[Saved entries]

______

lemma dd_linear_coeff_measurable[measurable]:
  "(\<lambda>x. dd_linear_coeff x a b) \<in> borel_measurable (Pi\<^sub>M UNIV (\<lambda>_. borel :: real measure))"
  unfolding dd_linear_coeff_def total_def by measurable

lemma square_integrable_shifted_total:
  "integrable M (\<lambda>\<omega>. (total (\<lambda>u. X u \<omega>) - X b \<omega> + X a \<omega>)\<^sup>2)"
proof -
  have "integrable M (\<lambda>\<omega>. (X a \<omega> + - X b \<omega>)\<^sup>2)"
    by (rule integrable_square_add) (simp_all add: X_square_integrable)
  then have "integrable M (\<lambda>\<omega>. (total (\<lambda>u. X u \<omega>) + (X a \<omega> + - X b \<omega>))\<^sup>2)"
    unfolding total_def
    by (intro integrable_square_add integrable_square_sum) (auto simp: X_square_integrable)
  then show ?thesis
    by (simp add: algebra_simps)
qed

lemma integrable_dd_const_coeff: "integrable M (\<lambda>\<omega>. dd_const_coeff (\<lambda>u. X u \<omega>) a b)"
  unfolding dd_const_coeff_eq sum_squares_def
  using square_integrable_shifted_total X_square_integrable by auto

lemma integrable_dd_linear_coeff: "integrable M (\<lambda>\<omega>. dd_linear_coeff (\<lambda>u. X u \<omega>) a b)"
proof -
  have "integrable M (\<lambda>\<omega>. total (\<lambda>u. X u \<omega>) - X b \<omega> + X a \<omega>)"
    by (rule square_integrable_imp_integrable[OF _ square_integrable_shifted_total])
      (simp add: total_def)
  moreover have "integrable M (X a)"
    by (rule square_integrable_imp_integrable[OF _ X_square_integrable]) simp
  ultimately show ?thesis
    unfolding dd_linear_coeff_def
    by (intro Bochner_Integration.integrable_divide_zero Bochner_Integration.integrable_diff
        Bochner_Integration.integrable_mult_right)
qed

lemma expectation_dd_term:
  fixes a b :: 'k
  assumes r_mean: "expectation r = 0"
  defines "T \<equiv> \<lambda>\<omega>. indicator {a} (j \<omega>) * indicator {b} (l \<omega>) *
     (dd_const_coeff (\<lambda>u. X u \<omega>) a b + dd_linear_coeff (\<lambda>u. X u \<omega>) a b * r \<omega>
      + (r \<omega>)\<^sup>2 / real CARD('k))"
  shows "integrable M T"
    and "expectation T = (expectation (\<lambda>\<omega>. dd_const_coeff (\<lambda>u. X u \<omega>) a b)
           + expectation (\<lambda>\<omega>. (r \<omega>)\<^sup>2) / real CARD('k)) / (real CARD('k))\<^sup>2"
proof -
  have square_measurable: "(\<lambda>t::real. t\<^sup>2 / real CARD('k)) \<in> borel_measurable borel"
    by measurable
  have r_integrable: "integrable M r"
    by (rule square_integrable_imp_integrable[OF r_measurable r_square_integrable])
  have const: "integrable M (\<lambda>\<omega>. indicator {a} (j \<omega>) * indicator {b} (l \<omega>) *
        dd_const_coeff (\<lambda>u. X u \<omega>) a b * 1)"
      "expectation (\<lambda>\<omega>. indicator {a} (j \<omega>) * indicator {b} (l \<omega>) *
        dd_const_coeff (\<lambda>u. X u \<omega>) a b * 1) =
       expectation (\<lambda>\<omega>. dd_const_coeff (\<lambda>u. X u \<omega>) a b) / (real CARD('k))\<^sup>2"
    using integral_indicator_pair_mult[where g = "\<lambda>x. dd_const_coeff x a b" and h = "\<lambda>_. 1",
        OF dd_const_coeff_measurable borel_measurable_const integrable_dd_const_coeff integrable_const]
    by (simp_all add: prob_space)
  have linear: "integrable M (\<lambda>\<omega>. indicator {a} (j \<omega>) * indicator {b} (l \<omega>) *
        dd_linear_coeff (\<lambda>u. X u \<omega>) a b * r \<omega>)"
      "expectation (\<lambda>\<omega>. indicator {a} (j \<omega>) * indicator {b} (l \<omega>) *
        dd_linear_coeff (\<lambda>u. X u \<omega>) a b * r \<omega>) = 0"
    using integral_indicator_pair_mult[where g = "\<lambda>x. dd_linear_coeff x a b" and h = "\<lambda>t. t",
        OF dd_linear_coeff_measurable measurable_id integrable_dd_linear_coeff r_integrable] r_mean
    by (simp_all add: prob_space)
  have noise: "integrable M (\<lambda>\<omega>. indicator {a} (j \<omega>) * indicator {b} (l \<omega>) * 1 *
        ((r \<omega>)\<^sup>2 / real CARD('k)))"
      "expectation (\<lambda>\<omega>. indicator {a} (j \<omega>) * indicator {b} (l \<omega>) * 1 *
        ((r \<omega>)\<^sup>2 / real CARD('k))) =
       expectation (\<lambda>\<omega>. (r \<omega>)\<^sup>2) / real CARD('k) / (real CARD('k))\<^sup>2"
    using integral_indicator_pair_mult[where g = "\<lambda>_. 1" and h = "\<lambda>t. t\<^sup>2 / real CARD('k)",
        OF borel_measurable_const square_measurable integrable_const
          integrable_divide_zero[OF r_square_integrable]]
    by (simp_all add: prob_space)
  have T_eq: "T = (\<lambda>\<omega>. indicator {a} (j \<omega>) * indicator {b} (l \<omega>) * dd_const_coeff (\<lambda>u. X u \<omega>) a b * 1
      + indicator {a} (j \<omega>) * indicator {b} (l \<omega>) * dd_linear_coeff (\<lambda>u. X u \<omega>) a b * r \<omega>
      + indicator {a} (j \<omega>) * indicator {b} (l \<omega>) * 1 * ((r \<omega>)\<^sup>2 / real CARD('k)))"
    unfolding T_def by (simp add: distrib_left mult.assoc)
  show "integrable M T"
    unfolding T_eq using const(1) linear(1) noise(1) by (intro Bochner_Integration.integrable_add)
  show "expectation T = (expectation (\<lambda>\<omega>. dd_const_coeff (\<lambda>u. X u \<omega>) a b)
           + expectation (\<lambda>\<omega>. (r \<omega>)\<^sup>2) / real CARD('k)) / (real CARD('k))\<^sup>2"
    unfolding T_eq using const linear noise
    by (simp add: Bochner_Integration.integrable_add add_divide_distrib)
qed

______

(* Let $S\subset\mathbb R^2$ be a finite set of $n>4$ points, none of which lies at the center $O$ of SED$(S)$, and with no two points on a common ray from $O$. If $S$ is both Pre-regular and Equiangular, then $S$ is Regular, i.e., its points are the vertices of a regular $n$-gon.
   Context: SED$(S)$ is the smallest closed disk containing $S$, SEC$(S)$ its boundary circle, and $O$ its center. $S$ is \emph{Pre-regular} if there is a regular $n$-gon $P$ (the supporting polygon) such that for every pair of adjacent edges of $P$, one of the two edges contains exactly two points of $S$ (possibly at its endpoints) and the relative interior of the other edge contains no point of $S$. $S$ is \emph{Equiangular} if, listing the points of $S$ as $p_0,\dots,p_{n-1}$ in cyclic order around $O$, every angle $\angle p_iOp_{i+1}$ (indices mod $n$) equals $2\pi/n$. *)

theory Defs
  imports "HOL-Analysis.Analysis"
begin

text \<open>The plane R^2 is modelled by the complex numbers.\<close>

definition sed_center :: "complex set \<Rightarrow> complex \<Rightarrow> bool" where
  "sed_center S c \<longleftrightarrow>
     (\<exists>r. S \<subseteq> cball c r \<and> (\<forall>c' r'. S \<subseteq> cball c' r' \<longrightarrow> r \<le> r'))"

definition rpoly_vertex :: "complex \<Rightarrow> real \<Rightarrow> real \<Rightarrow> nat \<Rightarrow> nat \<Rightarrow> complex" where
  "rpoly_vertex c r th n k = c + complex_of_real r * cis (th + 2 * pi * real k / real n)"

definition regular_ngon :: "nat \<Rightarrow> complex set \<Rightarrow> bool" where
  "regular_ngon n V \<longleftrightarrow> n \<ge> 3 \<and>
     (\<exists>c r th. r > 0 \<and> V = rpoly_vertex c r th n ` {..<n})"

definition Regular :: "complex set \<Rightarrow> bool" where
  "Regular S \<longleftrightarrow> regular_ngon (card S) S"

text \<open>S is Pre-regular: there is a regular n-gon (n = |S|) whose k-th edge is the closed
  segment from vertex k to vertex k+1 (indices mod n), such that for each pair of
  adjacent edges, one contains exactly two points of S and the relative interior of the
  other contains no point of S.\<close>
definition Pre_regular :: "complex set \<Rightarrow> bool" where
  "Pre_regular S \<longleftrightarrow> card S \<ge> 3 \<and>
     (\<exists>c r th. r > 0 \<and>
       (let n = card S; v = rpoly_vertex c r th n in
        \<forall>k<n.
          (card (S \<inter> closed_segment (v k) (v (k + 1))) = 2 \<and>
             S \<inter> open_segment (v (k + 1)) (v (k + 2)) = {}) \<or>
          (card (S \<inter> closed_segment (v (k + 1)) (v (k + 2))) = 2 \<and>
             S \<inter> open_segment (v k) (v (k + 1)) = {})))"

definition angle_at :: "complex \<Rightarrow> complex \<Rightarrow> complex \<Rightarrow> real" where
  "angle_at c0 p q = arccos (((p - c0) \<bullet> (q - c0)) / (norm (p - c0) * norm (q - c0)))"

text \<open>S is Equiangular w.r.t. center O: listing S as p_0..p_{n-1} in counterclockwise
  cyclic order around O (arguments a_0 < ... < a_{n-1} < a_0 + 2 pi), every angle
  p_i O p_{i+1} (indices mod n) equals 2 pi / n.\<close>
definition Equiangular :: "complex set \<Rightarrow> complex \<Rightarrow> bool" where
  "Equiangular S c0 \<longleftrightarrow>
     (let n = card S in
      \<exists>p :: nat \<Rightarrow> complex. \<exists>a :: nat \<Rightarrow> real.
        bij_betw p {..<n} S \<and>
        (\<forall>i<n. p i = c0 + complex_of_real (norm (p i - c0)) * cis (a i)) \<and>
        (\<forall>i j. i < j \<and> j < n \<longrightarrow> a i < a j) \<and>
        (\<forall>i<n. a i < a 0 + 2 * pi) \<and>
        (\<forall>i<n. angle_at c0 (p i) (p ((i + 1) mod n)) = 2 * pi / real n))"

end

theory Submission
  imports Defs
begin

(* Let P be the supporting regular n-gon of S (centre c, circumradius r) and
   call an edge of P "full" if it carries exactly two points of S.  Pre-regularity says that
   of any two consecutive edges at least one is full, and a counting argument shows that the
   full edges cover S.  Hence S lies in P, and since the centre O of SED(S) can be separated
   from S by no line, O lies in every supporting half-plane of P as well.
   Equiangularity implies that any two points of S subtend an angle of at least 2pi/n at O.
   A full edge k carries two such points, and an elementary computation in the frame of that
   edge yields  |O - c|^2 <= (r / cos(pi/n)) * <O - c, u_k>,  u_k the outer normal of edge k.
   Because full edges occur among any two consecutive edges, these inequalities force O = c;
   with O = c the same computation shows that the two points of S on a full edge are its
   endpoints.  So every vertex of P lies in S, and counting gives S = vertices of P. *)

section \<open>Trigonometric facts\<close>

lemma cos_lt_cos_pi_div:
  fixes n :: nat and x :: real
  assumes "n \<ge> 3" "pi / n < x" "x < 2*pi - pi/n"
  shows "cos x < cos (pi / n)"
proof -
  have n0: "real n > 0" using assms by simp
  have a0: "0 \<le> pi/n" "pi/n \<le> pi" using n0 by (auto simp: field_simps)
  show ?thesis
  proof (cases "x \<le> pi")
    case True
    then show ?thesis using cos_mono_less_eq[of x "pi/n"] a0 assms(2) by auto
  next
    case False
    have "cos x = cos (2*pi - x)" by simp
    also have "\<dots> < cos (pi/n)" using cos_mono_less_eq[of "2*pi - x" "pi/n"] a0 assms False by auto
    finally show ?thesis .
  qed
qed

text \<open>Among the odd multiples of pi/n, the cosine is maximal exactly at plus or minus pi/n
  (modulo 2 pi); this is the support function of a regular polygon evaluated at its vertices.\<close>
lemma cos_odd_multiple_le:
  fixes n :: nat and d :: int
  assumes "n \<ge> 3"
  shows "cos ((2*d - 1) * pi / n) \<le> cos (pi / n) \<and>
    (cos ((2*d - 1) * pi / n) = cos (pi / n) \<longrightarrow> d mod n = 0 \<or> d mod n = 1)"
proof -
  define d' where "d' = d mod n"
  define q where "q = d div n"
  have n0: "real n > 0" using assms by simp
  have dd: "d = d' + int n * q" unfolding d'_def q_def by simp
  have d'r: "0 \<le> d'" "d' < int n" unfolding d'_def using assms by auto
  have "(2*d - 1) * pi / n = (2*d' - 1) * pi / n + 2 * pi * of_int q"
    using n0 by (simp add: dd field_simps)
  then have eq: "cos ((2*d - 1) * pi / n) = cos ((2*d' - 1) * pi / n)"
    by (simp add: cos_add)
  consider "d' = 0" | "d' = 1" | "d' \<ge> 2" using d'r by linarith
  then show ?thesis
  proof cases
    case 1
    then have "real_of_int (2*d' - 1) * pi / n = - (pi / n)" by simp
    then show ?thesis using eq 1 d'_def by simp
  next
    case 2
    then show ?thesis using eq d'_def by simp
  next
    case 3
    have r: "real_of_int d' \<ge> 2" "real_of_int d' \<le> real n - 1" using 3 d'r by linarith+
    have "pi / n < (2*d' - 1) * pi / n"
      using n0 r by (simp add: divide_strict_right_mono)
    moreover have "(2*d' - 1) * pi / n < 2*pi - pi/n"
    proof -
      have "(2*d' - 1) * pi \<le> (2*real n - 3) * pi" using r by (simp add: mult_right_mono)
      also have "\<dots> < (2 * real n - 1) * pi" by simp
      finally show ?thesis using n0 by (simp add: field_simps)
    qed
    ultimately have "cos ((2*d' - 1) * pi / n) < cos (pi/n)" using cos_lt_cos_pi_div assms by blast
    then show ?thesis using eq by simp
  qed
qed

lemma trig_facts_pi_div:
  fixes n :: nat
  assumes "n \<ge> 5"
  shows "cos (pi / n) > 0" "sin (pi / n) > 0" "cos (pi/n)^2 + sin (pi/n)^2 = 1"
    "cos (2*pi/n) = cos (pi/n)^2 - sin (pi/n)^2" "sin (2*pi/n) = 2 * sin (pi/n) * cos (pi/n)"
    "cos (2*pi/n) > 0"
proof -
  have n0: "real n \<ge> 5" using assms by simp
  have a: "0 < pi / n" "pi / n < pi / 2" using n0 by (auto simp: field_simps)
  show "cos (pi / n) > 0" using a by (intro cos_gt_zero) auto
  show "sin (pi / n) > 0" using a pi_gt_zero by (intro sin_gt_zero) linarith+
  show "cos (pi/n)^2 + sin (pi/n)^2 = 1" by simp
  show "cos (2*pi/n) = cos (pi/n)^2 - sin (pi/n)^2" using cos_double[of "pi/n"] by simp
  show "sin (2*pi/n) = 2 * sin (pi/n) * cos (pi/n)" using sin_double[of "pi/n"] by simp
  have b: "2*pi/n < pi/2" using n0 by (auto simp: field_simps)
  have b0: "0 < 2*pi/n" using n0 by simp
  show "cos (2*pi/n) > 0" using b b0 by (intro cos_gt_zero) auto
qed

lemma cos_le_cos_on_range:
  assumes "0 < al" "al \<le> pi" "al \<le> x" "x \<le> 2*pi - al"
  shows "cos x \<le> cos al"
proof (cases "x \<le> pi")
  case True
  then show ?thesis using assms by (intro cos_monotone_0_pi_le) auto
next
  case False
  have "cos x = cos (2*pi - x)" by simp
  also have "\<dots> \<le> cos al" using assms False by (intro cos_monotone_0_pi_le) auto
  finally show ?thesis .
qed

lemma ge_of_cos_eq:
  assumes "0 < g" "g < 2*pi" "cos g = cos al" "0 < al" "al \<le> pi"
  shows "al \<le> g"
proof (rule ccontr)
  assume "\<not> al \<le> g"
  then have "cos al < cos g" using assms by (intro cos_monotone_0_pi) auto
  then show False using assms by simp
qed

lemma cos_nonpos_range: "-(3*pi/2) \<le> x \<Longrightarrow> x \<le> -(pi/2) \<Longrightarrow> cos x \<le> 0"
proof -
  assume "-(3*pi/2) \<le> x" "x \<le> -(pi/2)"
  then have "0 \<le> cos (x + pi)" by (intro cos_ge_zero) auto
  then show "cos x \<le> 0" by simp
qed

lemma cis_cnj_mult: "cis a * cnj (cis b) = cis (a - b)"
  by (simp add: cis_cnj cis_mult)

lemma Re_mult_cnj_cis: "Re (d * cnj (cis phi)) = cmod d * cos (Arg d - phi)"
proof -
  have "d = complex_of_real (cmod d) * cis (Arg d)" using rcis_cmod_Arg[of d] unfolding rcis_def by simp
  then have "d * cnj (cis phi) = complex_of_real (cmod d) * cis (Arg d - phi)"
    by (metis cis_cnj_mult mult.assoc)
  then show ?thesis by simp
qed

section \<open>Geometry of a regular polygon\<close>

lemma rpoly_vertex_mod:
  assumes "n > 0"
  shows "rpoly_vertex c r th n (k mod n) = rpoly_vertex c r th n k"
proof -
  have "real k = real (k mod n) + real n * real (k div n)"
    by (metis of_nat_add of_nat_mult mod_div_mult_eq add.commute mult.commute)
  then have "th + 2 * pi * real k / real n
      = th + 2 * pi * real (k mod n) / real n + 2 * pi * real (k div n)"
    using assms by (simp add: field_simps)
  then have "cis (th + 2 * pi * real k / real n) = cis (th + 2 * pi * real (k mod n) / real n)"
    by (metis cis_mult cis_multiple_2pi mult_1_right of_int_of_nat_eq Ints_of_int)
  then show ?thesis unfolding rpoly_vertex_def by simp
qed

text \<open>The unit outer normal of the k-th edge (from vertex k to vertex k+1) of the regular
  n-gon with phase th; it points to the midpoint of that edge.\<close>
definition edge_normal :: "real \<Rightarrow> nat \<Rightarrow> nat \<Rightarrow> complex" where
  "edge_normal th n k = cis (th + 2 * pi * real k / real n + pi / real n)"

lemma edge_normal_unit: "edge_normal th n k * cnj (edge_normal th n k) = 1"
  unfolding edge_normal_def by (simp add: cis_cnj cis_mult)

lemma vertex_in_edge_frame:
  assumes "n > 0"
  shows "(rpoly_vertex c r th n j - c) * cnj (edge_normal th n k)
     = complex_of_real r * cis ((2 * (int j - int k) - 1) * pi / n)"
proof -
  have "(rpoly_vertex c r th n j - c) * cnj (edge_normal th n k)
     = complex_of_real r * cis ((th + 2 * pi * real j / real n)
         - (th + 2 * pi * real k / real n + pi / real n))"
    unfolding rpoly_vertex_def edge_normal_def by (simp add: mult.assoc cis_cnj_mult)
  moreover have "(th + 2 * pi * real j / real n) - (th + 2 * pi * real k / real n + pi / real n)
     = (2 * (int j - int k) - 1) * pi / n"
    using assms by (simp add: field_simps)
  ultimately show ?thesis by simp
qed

______

ACTIVITY: Every line above from the line with "S \<inter> open_segment (v k)" to the line with "- c0) \<bullet>", inclusive, must be returned exactly; no other line belongs in the reply.

ANSWER FOR THE TASK:
             S \<inter> open_segment (v k) (v (k + 1)) = {})))"

definition angle_at :: "complex \<Rightarrow> complex \<Rightarrow> complex \<Rightarrow> real" where
  "angle_at c0 p q = arccos (((p - c0) \<bullet> (q - c0)) / (norm (p - c0) * norm (q - c0)))"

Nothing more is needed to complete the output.